--- Records to process ---

(* Suppose Assumptions 1–4 hold and $p$ is convex. Let $$s=\inf\{q\ge0 : p(q)=\min_n C_n'(0)\},\qquad t=\inf\{q\ge0:\ \min_n C_n'(q)\ge p(q)+q\,\partial_+p(q)\}.$$ If $\partial_-p(s)<0$, then every monopoly output $\mathbf{x}^P$ satisfies $$\gamma(\mathbf{x}^P)\ge\frac{\partial_-p(s)}{3\,\partial_-p(s)+\partial_+p(t)}.$$
   Context: Cournot model: $N$ suppliers, inverse demand $p:[0,\infty)\to[0,\infty)$, supplier $n$ has cost $C_n:[0,\infty)\to[0,\infty)$ and chooses $x_n\ge0$; $X=\sum_n x_n$. $\partial_\pm$ denote right/left derivatives; $C_n'(0)$ is the right derivative at $0$. Assumption 1: each $C_n$ is convex, continuous, nondecreasing on $[0,\infty)$, continuously differentiable on $(0,\infty)$, with $C_n(0)=0$. Assumption 2: $p$ is continuous, nonnegative, nonincreasing, $p(0)>0$; its right derivative at $0$ exists and at every $q>0$ its left and right derivatives exist. Assumption 3: there exists $R>0$ such that $p(R)\le\min_n C_n'(0)$. Assumption 4: $p(0)>\min_n C_n'(0)$. A monopoly output is an optimal solution $\mathbf{x}^P$ of $\max_{\mathbf{x}\ge0}\ p\!\left(\sum_n x_n\right)\sum_n x_n-\sum_n C_n(x_n)$. Social welfare of $\mathbf{x}\ge0$: $W(\mathbf{x})=\int_0^X p(q)\,dq-\sum_{n=1}^N C_n(x_n)$; a social optimum $\mathbf{x}^S$ maximizes $W$. Efficiency: $\gamma(\mathbf{x})=W(\mathbf{x})/W(\mathbf{x}^S)$. *)

theory Defs
  imports "HOL-Analysis.Analysis"
begin
(* Assume $2\le|\mathcal U_{\mathcal E}|\le T$. With $\delta=1/T^2$ and $T_1\ge|\mathcal U_{\mathcal E}|$, the regret of UCB-TSN satisfies $\mathcal R_\nu(T,\pi)=\tilde O\big(\sqrt{|\mathcal U_{\mathcal E}|T}+T_1\big)$.
   Context: Bandit with network interference: arm set $\mathcal K=[K]$, units $\mathcal U=[N]$, horizon $T$, fixed adjacency matrix $\mathbb H$. Choosing a super arm $A\in\mathcal K^{\mathcal U}$ in round $t$ yields for each unit $i$ the reward $r_{i,t}(A)=Y_i(A)+\eta_{i,t}$ with unknown $Y_i(A)\in[0,1]$ and i.i.d. zero-mean 1-sub-Gaussian noise. A fixed exposure mapping $\mathbf S:\mathcal U\times\mathcal K^{\mathcal U}\times\{\mathbb H\}\to\mathcal U_s$ assigns to $A$ the exposure super arm $(\mathbf S(i,A,\mathbb H))_{i}$. With a fixed partition $\mathcal C$ of $[N]$ into clusters, $\mathcal U_{\mathcal C}$ = exposure vectors constant on clusters, $\mathcal U_{\mathcal O}$ = exposure vectors realized by some $A$, $\mathcal U_{\mathcal E}=\mathcal U_{\mathcal C}\cap\mathcal U_{\mathcal O}$. For $S\in\mathcal U_{\mathcal E}$, $\tilde Y_i(S)=\sum_AY_i(A)\mathbb P(A\mid S)$ with $\mathbb P(\cdot\mid S)$ uniform over super arms whose exposure super arm is $S$; the exposure reward $\tilde r_{i,t}(S)$ is the reward $r_{i,t}(A)$ of such a uniformly drawn $A$. Regret of a policy $\pi$ choosing $S_t\in\mathcal U_{\mathcal E}$: $\mathcal R_\nu(T,\pi)=\frac TN\sum_i\tilde Y_i(S^* )-\frac1N\mathbb E_\pi[\sum_{t\le T}\sum_i\tilde r_{i,t}(S_t)]$, $S^*\in\arg\max_{S\in\mathcal U_{\mathcal E}}\sum_i\tilde Y_i(S)$; $\nu$ denotes the instance (reward distributions). Algorithm UCB-TSN (parameters $T_1\le T$, $\delta$): Sampling$(S)$ draws $A$ uniformly among super arms with exposure super arm $S$, pulls it and records $\tilde r_{i,t}(S)=r_{i,t}(A)$. Let $\mathcal N^t_S$ be the number of rounds $t'\le t$ with $S_{t'}=S$ and $\hat R_t(S)$ the average of $\frac1N\sum_i\tilde r_{i,t'}(S_{t'})$ over those rounds. Phase 1 ($t\le T_1$): play the elements of $\mathcal U_{\mathcal E}$ in round-robin order via Sampling (and output ATE estimates $\hat R_{T_1}(S_i)-\hat R_{T_1}(S_j)$). Phase 2 ($T_1<t\le T$): play $S_t=\arg\max_S\big(\hat R_{t-1}(S)+\sqrt{9\log(1/\delta)/\mathcal N^{t-1}_S}\big)$ via Sampling. $\tilde O$ hides polylogarithmic factors; orders are in $K,T$. *)

theory Defs
  imports "HOL-Probability.Probability"
begin

text \<open>The exposure mapping Smap gets a unit, a super arm and the
  adjacency matrix H and returns an exposure value of type 'e.\<close>

definition superarms :: "nat \<Rightarrow> nat \<Rightarrow> (nat \<Rightarrow> nat) set" where
  "superarms N K = {..<N} \<rightarrow>\<^sub>E {..<K}"

definition expo_arm ::
  "nat \<Rightarrow> (nat \<Rightarrow> (nat \<Rightarrow> nat) \<Rightarrow> 'h \<Rightarrow> 'e) \<Rightarrow> 'h \<Rightarrow> (nat \<Rightarrow> nat) \<Rightarrow> (nat \<Rightarrow> 'e)" where
  "expo_arm N Smap H A = (\<lambda>i\<in>{..<N}. Smap i A H)"

definition UO :: "nat \<Rightarrow> nat \<Rightarrow> (nat \<Rightarrow> (nat \<Rightarrow> nat) \<Rightarrow> 'h \<Rightarrow> 'e) \<Rightarrow> 'h \<Rightarrow> (nat \<Rightarrow> 'e) set" where
  "UO N K Smap H = expo_arm N Smap H ` superarms N K"

definition UC :: "nat \<Rightarrow> nat set set \<Rightarrow> (nat \<Rightarrow> 'e) set" where
  "UC N Cl = {S \<in> {..<N} \<rightarrow>\<^sub>E UNIV. \<forall>c\<in>Cl. \<forall>i\<in>c. \<forall>j\<in>c. S i = S j}"

definition UE :: "nat \<Rightarrow> nat \<Rightarrow> (nat \<Rightarrow> (nat \<Rightarrow> nat) \<Rightarrow> 'h \<Rightarrow> 'e) \<Rightarrow> 'h \<Rightarrow> nat set set
    \<Rightarrow> (nat \<Rightarrow> 'e) set" where
  "UE N K Smap H Cl = UC N Cl \<inter> UO N K Smap H"

definition preimg :: "nat \<Rightarrow> nat \<Rightarrow> (nat \<Rightarrow> (nat \<Rightarrow> nat) \<Rightarrow> 'h \<Rightarrow> 'e) \<Rightarrow> 'h \<Rightarrow> (nat \<Rightarrow> 'e)
    \<Rightarrow> (nat \<Rightarrow> nat) set" where
  "preimg N K Smap H S = {A \<in> superarms N K. expo_arm N Smap H A = S}"

text \<open>Exposure mean reward tilde Y_i(S) (uniform P(A | S))\<close>
definition Ytil :: "nat \<Rightarrow> nat \<Rightarrow> (nat \<Rightarrow> (nat \<Rightarrow> nat) \<Rightarrow> 'h \<Rightarrow> 'e) \<Rightarrow> 'h
    \<Rightarrow> (nat \<Rightarrow> (nat \<Rightarrow> nat) \<Rightarrow> real) \<Rightarrow> nat \<Rightarrow> (nat \<Rightarrow> 'e) \<Rightarrow> real" where
  "Ytil N K Smap H Y i S =
     (\<Sum>A\<in>preimg N K Smap H S. Y i A) / real (card (preimg N K Smap H S))"

definition mean_exposure_reward :: "nat \<Rightarrow> nat \<Rightarrow> (nat \<Rightarrow> (nat \<Rightarrow> nat) \<Rightarrow> 'h \<Rightarrow> 'e) \<Rightarrow> 'h
    \<Rightarrow> (nat \<Rightarrow> (nat \<Rightarrow> nat) \<Rightarrow> real) \<Rightarrow> (nat \<Rightarrow> 'e) \<Rightarrow> real" where
  "mean_exposure_reward N K Smap H Y S = (\<Sum>i<N. Ytil N K Smap H Y i S) / real N"

text \<open>A history is the list of (played exposure super arm, observed average reward
  (1/N) sum_i tilde r_{i,t}(S_t)) of the past rounds.\<close>
type_synonym 'e history = "((nat \<Rightarrow> 'e) \<times> real) list"

definition n_pulls :: "'e history \<Rightarrow> (nat \<Rightarrow> 'e) \<Rightarrow> nat" where
  "n_pulls h S = length (filter (\<lambda>p. fst p = S) h)"

definition R_hat :: "'e history \<Rightarrow> (nat \<Rightarrow> 'e) \<Rightarrow> real" where
  "R_hat h S = sum_list (map snd (filter (\<lambda>p. fst p = S) h)) / real (n_pulls h S)"

definition ucb_index :: "real \<Rightarrow> 'e history \<Rightarrow> (nat \<Rightarrow> 'e) \<Rightarrow> real" where
  "ucb_index \<delta> h S = R_hat h S + sqrt (9 * ln (1 / \<delta>) / real (n_pulls h S))"

text \<open>UCB-TSN decision rule. enum lists the elements of U_E (round-robin order of
  phase 1; ties of the argmax in phase 2 are broken by this order). The current
  round is t = length h + 1.\<close>
definition ucb_tsn :: "(nat \<Rightarrow> 'e) list \<Rightarrow> nat \<Rightarrow> real \<Rightarrow> 'e history \<Rightarrow> (nat \<Rightarrow> 'e)" where
  "ucb_tsn enum T1 \<delta> h =
     (let t = Suc (length h) in
      if t \<le> T1 then enum ! ((t - 1) mod length enum)
      else hd (filter (\<lambda>S. \<forall>S'\<in>set enum. ucb_index \<delta> h S' \<le> ucb_index \<delta> h S) enum))"

text \<open>Expected total (unit-averaged) reward collected in the next m rounds by the
  deterministic history-dependent policy pol, starting from history h, when playing
  S means: draw A uniformly from pre S, each unit i receives Y i A + eta_i with
  eta_1..eta_N i.i.d. according to noise (fresh in each round).\<close>
primrec exp_reward :: "nat \<Rightarrow> (nat \<Rightarrow> (nat \<Rightarrow> nat) \<Rightarrow> real) \<Rightarrow> real measure
    \<Rightarrow> ((nat \<Rightarrow> 'e) \<Rightarrow> (nat \<Rightarrow> nat) set) \<Rightarrow> ('e history \<Rightarrow> (nat \<Rightarrow> 'e))
    \<Rightarrow> nat \<Rightarrow> 'e history \<Rightarrow> real" where
  "exp_reward N Y noise pre pol 0 h = 0"
| "exp_reward N Y noise pre pol (Suc m) h =
     (let S = pol h in
      (\<Sum>A\<in>pre S. \<integral>eta. (let r = (\<Sum>i<N. Y i A + eta i) / real N
                            in r + exp_reward N Y noise pre pol m (h @ [(S, r)]))
                      \<partial>(PiM {..<N} (\<lambda>_. noise)))
      / real (card (pre S)))"

definition regret :: "nat \<Rightarrow> nat \<Rightarrow> (nat \<Rightarrow> (nat \<Rightarrow> nat) \<Rightarrow> 'h \<Rightarrow> 'e) \<Rightarrow> 'h \<Rightarrow> nat set set
    \<Rightarrow> (nat \<Rightarrow> (nat \<Rightarrow> nat) \<Rightarrow> real) \<Rightarrow> real measure \<Rightarrow> ('e history \<Rightarrow> (nat \<Rightarrow> 'e))
    \<Rightarrow> nat \<Rightarrow> real" where
  "regret N K Smap H Cl Y noise pol T =
     real T * Max (mean_exposure_reward N K Smap H Y ` UE N K Smap H Cl)
     - exp_reward N Y noise (preimg N K Smap H) pol T []"
(* The axiom system $PAL_{int}$ is complete with respect to the class of all topo-models: for every formula $\varphi\in\mathcal{L}_{PAL_{int}}$, if $\varphi$ is valid in every topo-model, then $\varphi$ is a theorem of $PAL_{int}$.
   Context: Fix a countable set $\mathit{Prop}$ of propositional variables and a finite non-empty set $\mathcal{A}$ of agents. The language $\mathcal{L}_{PAL_{int}}$ is given by $\varphi ::= p \mid \neg\varphi \mid \varphi\wedge\varphi \mid K_i\varphi \mid \mathrm{int}(\varphi)\mid [\varphi]\varphi$ with $p\in\mathit{Prop}$, $i\in\mathcal{A}$; $\vee,\rightarrow,\leftrightarrow$ are abbreviations, $\bot := p\wedge\neg p$. Topo-models: Let $(X,\tau)$ be a topological space, $\mathrm{Int}$ its interior operator. A neighbourhood function set $\Phi$ on $(X,\tau)$ is a set of partial functions $\theta$ from $X$ to functions $\mathcal{A}\to\tau$ such that for all $x,y\in Dom(\theta)$, $i\in\mathcal{A}$, $U\in\tau$: (1) $\theta(x)(i)\in\tau$; (2) $x\in\theta(x)(i)$; (3) $\theta(x)(i)\subseteq Dom(\theta)$; (4) if $y\in\theta(x)(i)$ then $\theta(x)(i)=\theta(y)(i)$; (5) $\theta|_U\in\Phi$, where $Dom(\theta|_U)=Dom(\theta)\cap U$ and $\theta|_U(x)(i)=\theta(x)(i)\cap U$. A topo-model is $\mathcal{M}=(X,\tau,\Phi,V)$ with $V$ assigning to each $p$ a subset of $X$. A neighbourhood situation is $(x,\theta)$ with $\theta\in\Phi$, $x\in Dom(\theta)$. Semantics: $(x,\theta)\models p$ iff $x\in V(p)$; Booleans as usual; $(x,\theta)\models K_i\varphi$ iff $(y,\theta)\models\varphi$ for all $y\in\theta(x)(i)$; $(x,\theta)\models\mathrm{int}(\varphi)$ iff $x\in\mathrm{Int}([\![\varphi]\!]^\theta)$ where $[\![\varphi]\!]^\theta=\{y\in Dom(\theta)\mid (y,\theta)\models\varphi\}$; $(x,\theta)\models[\varphi]\psi$ iff $(x,\theta)\models\mathrm{int}(\varphi)$ implies $(x,\theta^\varphi)\models\psi$, where $\theta^\varphi=\theta|_{\mathrm{Int}([\![\varphi]\!]^\theta)}$. Validity in $\mathcal{M}$ means truth at all neighbourhood situations. The axiom system $PAL_{int}$ has axioms: propositional tautologies; $K_i(\varphi\to\psi)\to(K_i\varphi\to K_i\psi)$; $K_i\varphi\to\varphi$; $K_i\varphi\to K_iK_i\varphi$; $\neg K_i\varphi\to K_i\neg K_i\varphi$; $\mathrm{int}(\varphi\to\psi)\to(\mathrm{int}(\varphi)\to\mathrm{int}(\psi))$; $\mathrm{int}(\varphi)\to\varphi$; $\mathrm{int}(\varphi)\to\mathrm{int}(\mathrm{int}(\varphi))$; $K_i\varphi\to\mathrm{int}(\varphi)$; (R1) $[\varphi]p\leftrightarrow(\mathrm{int}(\varphi)\to p)$; (R2) $[\varphi]\neg\psi\leftrightarrow(\mathrm{int}(\varphi)\to\neg[\varphi]\psi)$; (R3) $[\varphi](\psi\wedge\chi)\leftrightarrow[\varphi]\psi\wedge[\varphi]\chi$; (R4) $[\varphi]\mathrm{int}(\psi)\leftrightarrow(\mathrm{int}(\varphi)\to\mathrm{int}([\varphi]\psi))$; (R5) $[\varphi]K_i\psi\leftrightarrow(\mathrm{int}(\varphi)\to K_i[\varphi]\psi)$; (R6) $[\varphi][\psi]\chi\leftrightarrow[\neg[\varphi]\neg\mathrm{int}(\psi)]\chi$; rules: modus ponens, from $\varphi$ infer $K_i\varphi$, from $\varphi$ infer $\mathrm{int}(\varphi)$, from $\varphi$ infer $[\psi]\varphi$. *)

theory Defs
  imports "HOL-Analysis.Abstract_Topology" "HOL-Library.Countable"
begin
(* Let l be a dependent hyperplane in the part Q_a. The key is an (n-1)-subset S of l lying in
   no intersection H_i Int H_j of two distinct parts, i.e. containing no Type 1 circuit.
   For n <= 2 every S qualifies: two dependent hyperplanes that meet (for n = 1, any two)
   coincide, so distinct parts have disjoint unions. For n >= 3, if every (n-1)-subset of l
   lay in such an intersection, any two points of l would lie in a common H_x with
   Q_x <> Q_a; by tameness no point of H_a lies in two further unions H_x, so this Q_x is the
   same for all pairs, and l would be covered by H_x, contradicting niceness.
   S is independent in M(Q), while every n-subset of l, being inside H_a, is dependent; hence
   rank l = n - 1. For l_1 in Q_i and l_2 in Q_j, niceness gives a point q of l_2 outside H_i,
   and S + q (with S taken in l_1) is an independent n-set; (n+1)-sets are always dependent. *)

lemma matroid_circuits_elim:
  assumes "matroid_circuits E C" "c1 \<in> C" "c2 \<in> C" "c1 \<noteq> c2" "e \<in> c1" "e \<in> c2"
  obtains c3 where "c3 \<in> C" "c3 \<subseteq> c1 \<union> c2 - {e}"
proof -
  have "\<forall>c1\<in>C. \<forall>c2\<in>C. \<forall>e. c1 \<noteq> c2 \<and> e \<in> c1 \<inter> c2 \<longrightarrow> (\<exists>c3\<in>C. c3 \<subseteq> (c1 \<union> c2) - {e})"
    using assms(1) unfolding matroid_circuits_def by (elim conjE)
  then show ?thesis using assms(2-6) that by blast
qed

lemma mindep_card_le:
  assumes "mindep C Y" "\<And>S. S \<subseteq> Y \<Longrightarrow> card S = k + 1 \<Longrightarrow> \<exists>c\<in>C. c \<subseteq> S"
  shows "card Y \<le> k"
proof (rule ccontr)
  assume "\<not> card Y \<le> k"
  then have "k + 1 \<le> card Y" by simp
  then obtain S where "S \<subseteq> Y" "card S = k + 1" by (rule obtain_subset_with_card_n)
  then obtain c where "c \<in> C" "c \<subseteq> Y" using assms(2) by blast
  then show False using assms(1) unfolding mindep_def by blast
qed

lemma mrank_eqI:
  assumes "finite X" "S \<subseteq> X" "mindep C S" "card S = k"
    and "\<And>Y. Y \<subseteq> X \<Longrightarrow> mindep C Y \<Longrightarrow> card Y \<le> k"
  shows "mrank C X = k"
proof -
  have "finite {Y. Y \<subseteq> X \<and> mindep C Y}" using assms(1) by simp
  then show ?thesis unfolding mrank_def
    by (rule Max_eqI[OF finite_imageI]) (use assms in auto)
qed

lemma dep_hypsD:
  assumes "l \<in> dep_hyps n E C"
  shows "l \<subseteq> E" "n \<le> card l" "all_nsubsets_circuits n C l"
    and "\<And>H. l \<subseteq> H \<Longrightarrow> H \<subseteq> E \<Longrightarrow> n \<le> card H \<Longrightarrow> all_nsubsets_circuits n C H \<Longrightarrow> H = l"
  using assms unfolding dep_hyps_def dep_hyperplane_def by auto

lemma dep_hyps_eqI:
  assumes "finite E" "l \<in> dep_hyps n E C" "l' \<in> dep_hyps n E C"
    and "all_nsubsets_circuits n C (l \<union> l')"
  shows "l = l'"
proof -
  have "l \<union> l' \<subseteq> E" using dep_hypsD(1) assms(2,3) by blast
  moreover have "n \<le> card (l \<union> l')"
    using dep_hypsD(2)[OF assms(2)] card_mono[of "l \<union> l'" l] finite_subset[OF calculation assms(1)]
    by simp
  ultimately have "l \<union> l' = l" "l \<union> l' = l'"
    using dep_hypsD(4)[OF assms(2)] dep_hypsD(4)[OF assms(3)] assms(4) by auto
  then show ?thesis by blast
qed

lemma dep_hyps_rank1_eq:
  assumes "finite E" "l \<in> dep_hyps 1 E C" "l' \<in> dep_hyps 1 E C"
  shows "l = l'"
proof (rule dep_hyps_eqI[OF assms])
  show "all_nsubsets_circuits 1 C (l \<union> l')"
    unfolding all_nsubsets_circuits_def
  proof (intro allI impI)
    fix S assume "S \<subseteq> l \<union> l' \<and> card S = 1"
    then obtain x where "S = {x}" "x \<in> l \<union> l'" by (auto simp: card_1_singleton_iff)
    then show "S \<in> C"
      using dep_hypsD(3)[OF assms(2)] dep_hypsD(3)[OF assms(3)]
      unfolding all_nsubsets_circuits_def by auto
  qed
qed

lemma paving_circuit_card_ge:
  "paving n E C \<Longrightarrow> c \<in> C \<Longrightarrow> n \<le> card c"
  unfolding paving_def by (metis le_add1 order_refl)

lemma paving_rank2_circuit_trans:
  assumes pav: "paving 2 E C" and "{a, p} \<in> C" "{p, b} \<in> C" "a \<noteq> b" "a \<noteq> p" "b \<noteq> p"
  shows "{a, b} \<in> C"
proof -
  have mc: "matroid_circuits E C" using pav unfolding paving_def by simp
  have ne: "{a, p} \<noteq> {p, b}" using assms(4-6) by auto
  obtain c where c: "c \<in> C" "c \<subseteq> {a, p} \<union> {p, b} - {p}"
    by (rule matroid_circuits_elim[OF mc assms(2,3) ne, of p]) simp_all
  have "c \<subseteq> {a, b}" using c(2) by blast
  moreover have "card {a, b} \<le> card c"
    using paving_circuit_card_ge[OF pav c(1)] assms(4) by simp
  ultimately have "c = {a, b}" by (intro card_seteq) simp_all
  with c(1) show ?thesis by simp
qed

---

[Your task]: Return word for word the lines above from the line with "enum T1 \<delta>" to the line with "eta_1..eta_N i.i.d. according", including both and leaving out all others.

[Exercise response]:
  "ucb_tsn enum T1 \<delta> h =
     (let t = Suc (length h) in
      if t \<le> T1 then enum ! ((t - 1) mod length enum)
      else hd (filter (\<lambda>S. \<forall>S'\<in>set enum. ucb_index \<delta> h S' \<le> ucb_index \<delta> h S) enum))"

text \<open>Expected total (unit-averaged) reward collected in the next m rounds by the
  deterministic history-dependent policy pol, starting from history h, when playing
  S means: draw A uniformly from pre S, each unit i receives Y i A + eta_i with
  eta_1..eta_N i.i.d. according to noise (fresh in each round).\<close>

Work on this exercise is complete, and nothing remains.